Смотрю на Бьорна с деланной укоризной. Он подмигивает мне, и я замечаю грусть в его взгляде.
Надеюсь, он не слышал, о чем мы тут говорили с Сарой до его пробуждения.
– Ну, что? Поедем в больницу? – Отвлекает нас Анна.
– Да. – Кивает Бьорн. – Отец не сказал, все ли с ним в порядке?
– Сообщил, что родители Ульрика повидали сына и только что удалились на завтрак. Их не пустят к нему, пока мы не повидаем больного. Доктор сообщил им, что тому необходимо поспать несколько часов.
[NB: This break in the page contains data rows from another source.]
lemma tendon_pair_lower_unique:
  assumes "tendon_pair T F x y1" "tendon_pair T F x y2" "z \<in> tendon T x y1" "z \<in> tendon T x y2"
  shows "y1 = y2"
proof (rule ccontr)
  assume "y1 \<noteq> y2"
  have z: "anc T x z" "x \<noteq> z" "anc T z y1" "anc T z y2" using assms(3,4) by (auto simp: tendon_def)
  have y: "y1 \<in> PF" "y2 \<in> PF" using assms(1,2) by (auto simp: tendon_pair_def)
  obtain m where m: "anc T m y1" "anc T m y2" "\<forall>w. anc T w y1 \<and> anc T w y2 \<longrightarrow> anc T w m"
    using anc_lca_exists[OF bst, of y1 y2] anc_in_set_tree[OF z(3)] anc_in_set_tree[OF z(4)] by blast
  have "anc T z m" using m(3) z(3,4) by blast
  then have xm: "anc T x m" "x \<noteq> m"
    using anc_trans[OF bst z(1)] anc_antisym[OF bst z(1)] z(2) by auto
  have "m \<in> PF"
  proof (cases "m = y1 \<or> m = y2")
    case False
    then show ?thesis
      using branching_node_in_pseudofingers[OF xm _ _ m(1,2) _ _ m(3)] y
        pseudofingers_subset_steiner by auto
  qed (use y in auto)
  moreover have "m \<in> tendon T x y1 \<or> m \<in> tendon T x y2"
    using xm m(1,2) \<open>y1 \<noteq> y2\<close> by (auto simp: tendon_def)
  ultimately show False
    using tendon_disjoint_pseudofingers[OF assms(1)] tendon_disjoint_pseudofingers[OF assms(2)] by blast
qed

lemma tendon_convex:
  assumes pair: "tendon_pair T F x y" and "p \<in> tendon T x y" "q \<in> tendon T x y"
    and "s \<in> S" "p \<le> s" "s \<le> q" "\<not> anc T y s"
  shows "s \<in> tendon T x y"
proof -
  have s: "s \<in> set_tree T" using assms(4) steiner_subset by blast
  obtain u where u: "u \<in> tendon T x y" "anc T u s"
  proof -
    have "anc T p q \<or> anc T q p"
      using assms(2,3) anc_linear[OF bst] by (auto simp: tendon_def)
    then show thesis
    proof
      assume "anc T p q"
      then show thesis using that[OF assms(2)] anc_between[OF bst _ s] assms(5,6) by blast
    next
      assume "anc T q p"
      then show thesis using that[OF assms(3)] anc_between[OF bst _ s] assms(5,6) by blast
    qed
  qed
  then have ux: "anc T x u" "u \<noteq> x" "anc T u y" by (auto simp: tendon_def)
  obtain w where w: "anc T w s" "anc T w y" "\<forall>w'. anc T w' s \<and> anc T w' y \<longrightarrow> anc T w' w"
    using anc_lca_exists[OF bst s, of y] anc_in_set_tree[OF ux(3)] by blast
  have "anc T u w" using w(3) u(2) ux(3) by blast
  then have xw: "anc T x w" "x \<noteq> w"
    using anc_trans[OF bst ux(1)] anc_antisym[OF bst ux(1)] ux(2) by auto
  have "w \<noteq> y" using w(1) assms(7) by blast
  then have "w \<in> tendon T x y" using xw w(2) by (simp add: tendon_def)
  then have "w \<notin> PF" using tendon_disjoint_pseudofingers[OF pair] by blast
  moreover have "y \<in> S" using pair pseudofingers_subset_steiner by (auto simp: tendon_pair_def)
  ultimately have "w = s"
    using branching_node_in_pseudofingers[OF xw assms(4) \<open>y \<in> S\<close> w(1,2) _ \<open>w \<noteq> y\<close>[symmetric] w(3)]
    by blast
  then show ?thesis using \<open>w \<in> tendon T x y\<close> by simp
qed

lemma half_tendon_convex:
  assumes pair: "tendon_pair T F x y" and "p \<in> tendon T x y" "q \<in> tendon T x y"
    and "(p < y) = (q < y)" "s \<in> S" "p \<le> s" "s \<le> q"
  shows "s \<in> tendon T x y \<and> (s < y) = (p < y)"
proof -
  have pq: "anc T p y" "p \<noteq> y" "anc T q y" "q \<noteq> y" using assms(2,3) by (auto simp: tendon_def)
  have "\<not> anc T y s"
  proof
    assume ys: "anc T y s"
    have "(y < p) = (s < p)" "(y < q) = (s < q)"
      using anc_same_side[OF bst _ ys] pq by (metis (full_types))+
    moreover have "s \<noteq> q" using ys pq(3,4) anc_antisym[OF bst] by blast
    ultimately show False using assms(4,6,7) pq(2) by auto
  qed
  then have "s \<in> tendon T x y" using tendon_convex[OF pair assms(2,3,5-7)] by blast
  moreover have "(s < y) = (p < y)" using assms(4,6,7) pq(2) by auto
  ultimately show ?thesis by blast
qed

lemma hand_parts_subset_steiner:
  assumes "X \<in> hand_parts T F"
  shows "X \<subseteq> S"
proof (cases "X \<in> half_tendons T F")
  case True
  then obtain x y b where "tendon_pair T F x y" "X = {z \<in> tendon T x y. (z < y) = b}"
    by (rule half_tendonsE)
  then show ?thesis using tendon_subset_steiner by blast
next
  case False
  then show ?thesis using assms pseudofingers_subset_steiner by (auto simp: hand_parts_def)
qed

lemma hand_parts_finite: "X \<in> hand_parts T F \<Longrightarrow> finite X"
  using hand_parts_subset_steiner steiner_subset by (meson finite_set_tree finite_subset subset_trans)

lemma hand_part_convex:
  assumes X: "X \<in> hand_parts T F" and "s \<in> S" "Min X \<le> s" "s \<le> Max X"
  shows "s \<in> X"
proof (cases "X \<in> half_tendons T F")
  case True
  then obtain x y b where pair: "tendon_pair T F x y" and X_eq: "X = {z \<in> tendon T x y. (z < y) = b}"
    by (rule half_tendonsE)
  have "finite X" using X by (rule hand_parts_finite)
  then have "Min X \<in> X" "Max X \<in> X" using hand_parts_nonempty[OF X] by simp_all
  moreover have X_side: "X \<subseteq> tendon T x y" "\<And>z. z \<in> X \<Longrightarrow> (z < y) = b"
    using X_eq by auto
  ultimately have "s \<in> tendon T x y \<and> (s < y) = (Min X < y)"
    using half_tendon_convex[OF pair _ _ _ assms(2-4)] by auto
  then show ?thesis using X_eq X_side(2)[OF \<open>Min X \<in> X\<close>] by simp
next
  case False
  then obtain f where "X = {f}" using X by (auto simp: hand_parts_def)
  then show ?thesis using assms(3,4) by simp
qed

lemma half_tendons_disjoint:
  assumes "X \<in> half_tendons T F" "Y \<in> half_tendons T F" "z \<in> X" "z \<in> Y"
  shows "X = Y"
proof -
  obtain x1 y1 b1 where 1: "tendon_pair T F x1 y1" "X = {z \<in> tendon T x1 y1. (z < y1) = b1}"
    using assms(1) by (rule half_tendonsE)
  obtain x2 y2 b2 where 2: "tendon_pair T F x2 y2" "Y = {z \<in> tendon T x2 y2. (z < y2) = b2}"
    using assms(2) by (rule half_tendonsE)
  have z: "z \<in> tendon T x1 y1" "z \<in> tendon T x2 y2" using assms(3,4) 1(2) 2(2) by auto
  have "x1 = x2" using tendon_pair_upper_unique[OF 1(1) 2(1) z] .
  then have "y1 = y2" using tendon_pair_lower_unique[OF 1(1)] 2(1) z by blast
  then show "X = Y" using \<open>x1 = x2\<close> assms(3,4) 1(2) 2(2) by auto
qed

lemma hand_parts_disjoint:
  assumes "X \<in> hand_parts T F" "Y \<in> hand_parts T F" "X \<noteq> Y"
  shows "X \<inter> Y = {}"
proof -
  have not_pseudofinger: "z \<notin> PF" if h: "h \<in> half_tendons T F" and z: "z \<in> h" for h z
  proof -
    obtain x y b where "tendon_pair T F x y" "h = {z \<in> tendon T x y. (z < y) = b}"
      using h by (rule half_tendonsE)
    then show ?thesis using tendon_disjoint_pseudofingers z by blast
  qed
  show ?thesis
    using assms half_tendons_disjoint not_pseudofinger unfolding hand_parts_def by blast
qed

lemma hand_parts_intervals_disjoint:
  assumes X: "X \<in> hand_parts T F" and Y: "Y \<in> hand_parts T F" and "X \<noteq> Y"
  shows "{Min X..Max X} \<inter> {Min Y..Max Y} = {}"
  using Min_Max_intervals_disjoint[OF
      hand_parts_finite[OF X] hand_parts_nonempty[OF X] hand_parts_subset_steiner[OF X]
      hand_parts_finite[OF Y] hand_parts_nonempty[OF Y] hand_parts_subset_steiner[OF Y]
      hand_parts_disjoint[OF assms] hand_part_convex[OF X] hand_part_convex[OF Y]] .

end

theorem lemma15:
  fixes T :: "('a::linorder) tree" and F :: "'a set"
  assumes "bst T" and "T \<noteq> Leaf"
    and "F \<subseteq> set_tree T" and "value T \<in> F"
  shows "\<forall>I\<in>extended_hand T F. \<forall>J\<in>extended_hand T F. I \<noteq> J \<longrightarrow>
           {fst I..snd I} \<inter> {fst J..snd J} = {}"
proof (intro ballI impI)
  interpret fingered_bst T F using assms by unfold_locales
  fix I J assume "I \<in> extended_hand T F" "J \<in> extended_hand T F" "I \<noteq> J"
  then obtain X Y where "X \<in> hand_parts T F" "Y \<in> hand_parts T F" "X \<noteq> Y"
    and "I = (Min X, Max X)" "J = (Min Y, Max Y)"
    unfolding extended_hand_eq_hand_parts by blast
  then show "{fst I..snd I} \<inter> {fst J..snd J} = {}"
    using hand_parts_intervals_disjoint by simp
qed

end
– Тогда нам стоит поторопиться. – Говорит Бьорн, возвращаясь на веранду за обувью.
– А я возьму инструменты. – Сообщает Анна, бросаясь наверх.
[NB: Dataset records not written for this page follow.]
text \<open>Summing the tangent bound over a block with the Kraft constraint
  \<Sum> 2^-e + 2^-f \<le> 1, where 2^-f is the mass reserved for everything else.\<close>
lemma block_tangent_sum:
  fixes A :: "'a set" and e :: "'a \<Rightarrow> nat"
  assumes fin: "finite A" and kr: "(\<Sum>x\<in>A. (1/2::real)^(e x)) + (1/2)^f \<le> 1"
  shows "real (card A) * (real i + 2) - 2^(i+1) + 2^(i+1) * (1/2)^f \<le> real (\<Sum>x\<in>A. e x)"
proof -
  have "real (card A) * (real i + 2) = (\<Sum>x\<in>A. real i + 2)" by simp
  also have "\<dots> \<le> (\<Sum>x\<in>A. real (e x) + 2^(i+1) * (1/2::real)^(e x))"
    by (rule sum_mono) (rule tangent_bound)
  also have "\<dots> = real (\<Sum>x\<in>A. e x) + 2^(i+1) * (\<Sum>x\<in>A. (1/2::real)^(e x))"
    by (simp add: sum.distrib sum_distrib_left)
  also have "\<dots> \<le> real (\<Sum>x\<in>A. e x) + 2^(i+1) * (1 - (1/2)^f)"
    using kr by (intro add_left_mono mult_left_mono) auto
  finally show ?thesis by (simp add: algebra_simps)
qed

text \<open>The
  bound is attained by giving 2^i - j - 1 symbols length i, the others length i+1, and f = i+1.\<close>
lemma block_lower_bound:
  fixes A :: "'a set" and e :: "'a \<Rightarrow> nat" and w W :: real
  assumes fin: "finite A" and cardA: "card A = 2^i + j"
    and kr: "(\<Sum>x\<in>A. (1/2::real)^(e x)) + (1/2)^f \<le> 1"
    and W0: "0 \<le> W" and Ww: "W \<le> w"
  shows "w * (real (card A) * (real i + 2) - 2^(i+1) + 1) + W * (real i + 1)
       \<le> w * real (\<Sum>x\<in>A. e x) + W * real f"
proof -
  define n where "n = card A"
  have w0: "0 \<le> w" using W0 Ww by simp
  have base: "real n * (real i + 2) - 2^(i+1) + 2^(i+1) * (1/2)^f \<le> real (\<Sum>x\<in>A. e x)"
    unfolding n_def by (rule block_tangent_sum[OF fin kr])
  show ?thesis
  proof (cases "f \<le> i + 1")
    case True
    then obtain t where it: "i + 1 = f + t" using le_Suc_ex by blast
    then have pt: "2^(i+1) * (1/2::real)^f = 2^t" by (simp add: power_add power_one_over)
    have tt: "real t \<le> 2^t - 1" using two_pow_ge[of t] by simp
    have "W * real t \<le> w * real t" using Ww by (intro mult_right_mono) auto
    also have "\<dots> \<le> w * (2^t - 1)" using tt w0 by (intro mult_left_mono) auto
    finally have "W * real t \<le> w * (2^t - 1)" .
    moreover have "real i + 1 = real f + real t" using arg_cong[OF it, of real] by simp
    moreover have "w * (real n * (real i + 2) - 2^(i+1) + 2^t) \<le> w * real (\<Sum>x\<in>A. e x)"
      using base pt w0 by (intro mult_left_mono) auto
    ultimately show ?thesis unfolding n_def[symmetric] by (simp add: algebra_simps)
  next
    case False
    text \<open>The block sum is an integer exceeding the integer n(i+2) - 2^(i+1).\<close>
    have nge: "2^(i+1) \<le> n * (i + 2)"
    proof -
      have "2^(i+1) \<le> 2^i * (i + 2)" by simp
      also have "\<dots> \<le> n * (i + 2)" using cardA by (intro mult_le_mono1) (simp add: n_def)
      finally show ?thesis .
    qed
    have pos: "0 < 2^(i+1) * (1/2::real)^f" by simp
    have r: "real (n * (i + 2) - 2^(i+1)) = real n * (real i + 2) - 2^(i+1)"
      using nge by (simp add: of_nat_diff algebra_simps)
    have "real (n * (i + 2) - 2^(i+1)) < real (\<Sum>x\<in>A. e x)"
      using base pos r by linarith
    then have "real (n * (i + 2) - 2^(i+1) + 1) \<le> real (\<Sum>x\<in>A. e x)"
      by (simp only: of_nat_less_iff of_nat_le_iff)
    then have "real n * (real i + 2) - 2^(i+1) + 1 \<le> real (\<Sum>x\<in>A. e x)"
      using r by simp
    then have "w * (real n * (real i + 2) - 2^(i+1) + 1) \<le> w * real (\<Sum>x\<in>A. e x)"
      using w0 by (intro mult_left_mono) auto
    moreover have "W * (real i + 1) \<le> W * real f" using False W0 by (intro mult_left_mono) auto
    ultimately show ?thesis unfolding n_def by simp
  qed
qed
– Это ее саквояж с цыганскими прибамбасами. – Объясняет Сара. – Хочет, видимо, посмотреть Улле «поглубже». – Вздохнув, она отправляется следом за матерью, окончательно позабыв про бутерброды и кофе, оставшиеся на кухне. – Мне тоже нужно переодеться.
Глядя, как она хромает, пытаясь взобраться по лестнице, я буквально физически ощущаю, как мое сердце обливается кровью от переживаний за нее.
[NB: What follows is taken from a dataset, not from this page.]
(* Let $\mathbb F_q$ be a finite field, and let $B_1 \subseteq \mathbb F_q^{m_1}$ and $B_2 \subseteq \mathbb F_q^{m_2}$. Suppose $B_1$ is $C_1$-weakly Sidorenko and $B_2$ is $C_2$-weakly Sidorenko. Then $B_1 \times B_2 := \{(x,y) \in \mathbb F_q^{m_1+m_2} : x \in B_1, y \in B_2\}$ is $C_1C_2$-weakly Sidorenko. In particular, if $B_1$ and $B_2$ are both Sidorenko, then so is $B_1 \times B_2$.
   Context: An affine relation on elements $x_1,\ldots,x_k$ of $\mathbb F_q^n$ is an equation $\sum_i \lambda_i x_i = 0$ with $\lambda_i \in \mathbb F_q$ and $\sum_i \lambda_i = 0$; it is nontrivial if some $\lambda_i \neq 0$. A set is affinely independent if it has no nontrivial affine relation; the affine rank $\mathrm{rank}_{\mathrm{aff}}(B)$ of $B \subseteq \mathbb F_q^m$ is the size of a maximal affinely independent subset of $B$. For $B \subseteq \mathbb F_q^m$ and $A \subseteq \mathbb F_q^n$, an affine homomorphism $B \to A$ is a map $\varphi: B \to A$ that extends to an affine map $\mathbb F_q^m \to \mathbb F_q^n$ (equivalently, preserves all affine relations); $\mathrm{hom}_{\mathrm{aff}}(B,A)$ denotes the number of affine homomorphisms $B \to A$. For a real $C$, $B \subseteq \mathbb F_q^m$ is called $C$-weakly Sidorenko if for every $n$ and every $A \subseteq \mathbb F_q^n$ with $|A| = \alpha N$, where $N = q^n$, we have $\mathrm{hom}_{\mathrm{aff}}(B,A) \geq \alpha^C N^{\mathrm{rank}_{\mathrm{aff}}(B)}$. $B$ is called Sidorenko if it is $|B|$-weakly Sidorenko. *)

theory Defs
  imports Complex_Main "HOL-Library.FuncSet"
begin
– А кто с Кайей? – Спрашиваю у Бьорна, едва подруга скрывается наверху.
– Ночью меня сменил Бек. – Отвечает он, надевая кроссовки. Входит обратно в дом, запирает дверь. – Отец будет взбешен, но я и так чуть с ума не сошел, мечась между вами. Не хочу потерять ни тебя, ни сестру. – Бьорн достает что-то из кармана джинсов. – Кстати.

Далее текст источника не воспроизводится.